Author Contributions
PS JA AT DR SG RP conceptualized the study, PS JA AT developed the methods, SG and The DSWP team collected the data, SG and The DSWP team annotated the original dataset, PS SG and The DSWP team curated the data, PS conducted the analyses and authored the code provided, PS JA AT SG verified the analytical results, SG DG DR AT JA funded the study, PS wrote the manuscript, all authors contributed review and editing to the manuscript and gave final approval for publication.
Data Availability
Data from The Dominica Sperm Whale Project were collected under scientific research permits from the Fisheries Division of the Government of Dominica. The field protocols for approaching, photographing, tagging, and recording sperm whales were approved by either the University Committee on Laboratory Animals of Dalhousie University, Canada; the Animal Welfare and Ethics Committee of the University of St Andrews, Scotland; or Aarhus University, Denmark; and sometimes several or all of these across years.
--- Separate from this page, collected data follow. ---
(* Let $(\mathbb R^2,0)\xrightarrow{\gamma_1}(\mathbb R^2,0)\xleftarrow{\gamma_2}(\mathbb R^2,0)$ be a pair of $C^\infty$ map germs such that $\gamma_1,\gamma_2$ are both fold map germs and the discriminant sets $\gamma_1(S_{\gamma_1})$, $\gamma_2(S_{\gamma_2})$ are transversal at $0$. Then there exist smooth coordinate systems in the two source spaces and in the common target space in which $\gamma_1(x_1,y_1)=(x_1,y_1^2)$ and $\gamma_2(x_2,y_2)=(x_2^2,y_2)$.
   Context: $S_g$ denotes the singular set of a map germ $g$. *)

theory Defs
  imports "HOL-Analysis.Analysis"
begin

type_synonym R2 = "real \<times> real"

fun Ck_on :: "nat \<Rightarrow> 'a::euclidean_space set \<Rightarrow> ('a \<Rightarrow> 'b::real_normed_vector) \<Rightarrow> bool" where
  "Ck_on 0 S f = continuous_on S f"
| "Ck_on (Suc k) S f = ((\<forall>x\<in>S. f differentiable (at x)) \<and>
      (\<forall>v. Ck_on k S (\<lambda>x. frechet_derivative f (at x) v)))"

definition smooth_on :: "'a::euclidean_space set \<Rightarrow> ('a \<Rightarrow> 'b::real_normed_vector) \<Rightarrow> bool" where
  "smooth_on S f \<longleftrightarrow> (\<forall>k. Ck_on k S f)"

definition map_germ :: "(R2 \<Rightarrow> R2) \<Rightarrow> bool" where
  "map_germ f \<longleftrightarrow> f 0 = 0 \<and> (\<exists>U. open U \<and> 0 \<in> U \<and> smooth_on U f)"

definition diffeo_germ :: "(R2 \<Rightarrow> R2) \<Rightarrow> bool" where
  "diffeo_germ \<phi> \<longleftrightarrow> \<phi> 0 = 0 \<and>
     (\<exists>U V \<psi>. open U \<and> open V \<and> 0 \<in> U \<and> \<phi> ` U = V \<and> smooth_on U \<phi> \<and> smooth_on V \<psi> \<and>
        (\<forall>x\<in>U. \<psi> (\<phi> x) = x) \<and> (\<forall>y\<in>V. \<phi> (\<psi> y) = y))"

definition fold_x :: "R2 \<Rightarrow> R2" where
  "fold_x p = (fst p, (snd p)^2)"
The dataset and custom scripts used for this study will be made available upon publication.
Acknowledgements
We thank the Chief Fisheries Officers and the Dominica Fisheries Division officers for research permits and their collaboration in data collection; all the crews of R/V Balaena and The DSWP team for data collection, curation, and annotation; as well as Dive Dominica, Al Dive, and W.E.T. Dominica for logistical support while in Dominica.
Footnotes
↵1 Throughout this paper, we use context to denote conversational context (e.g. neighboring codas) rather than behavioral context (e.g. diving), as is standard in the study of natural and formal languages (31).
↵2 This refines the finding in (33) that overlapping codas were more likely to be of the same coda type than expected by chance: sometimes codas share a duration but not a discrete type.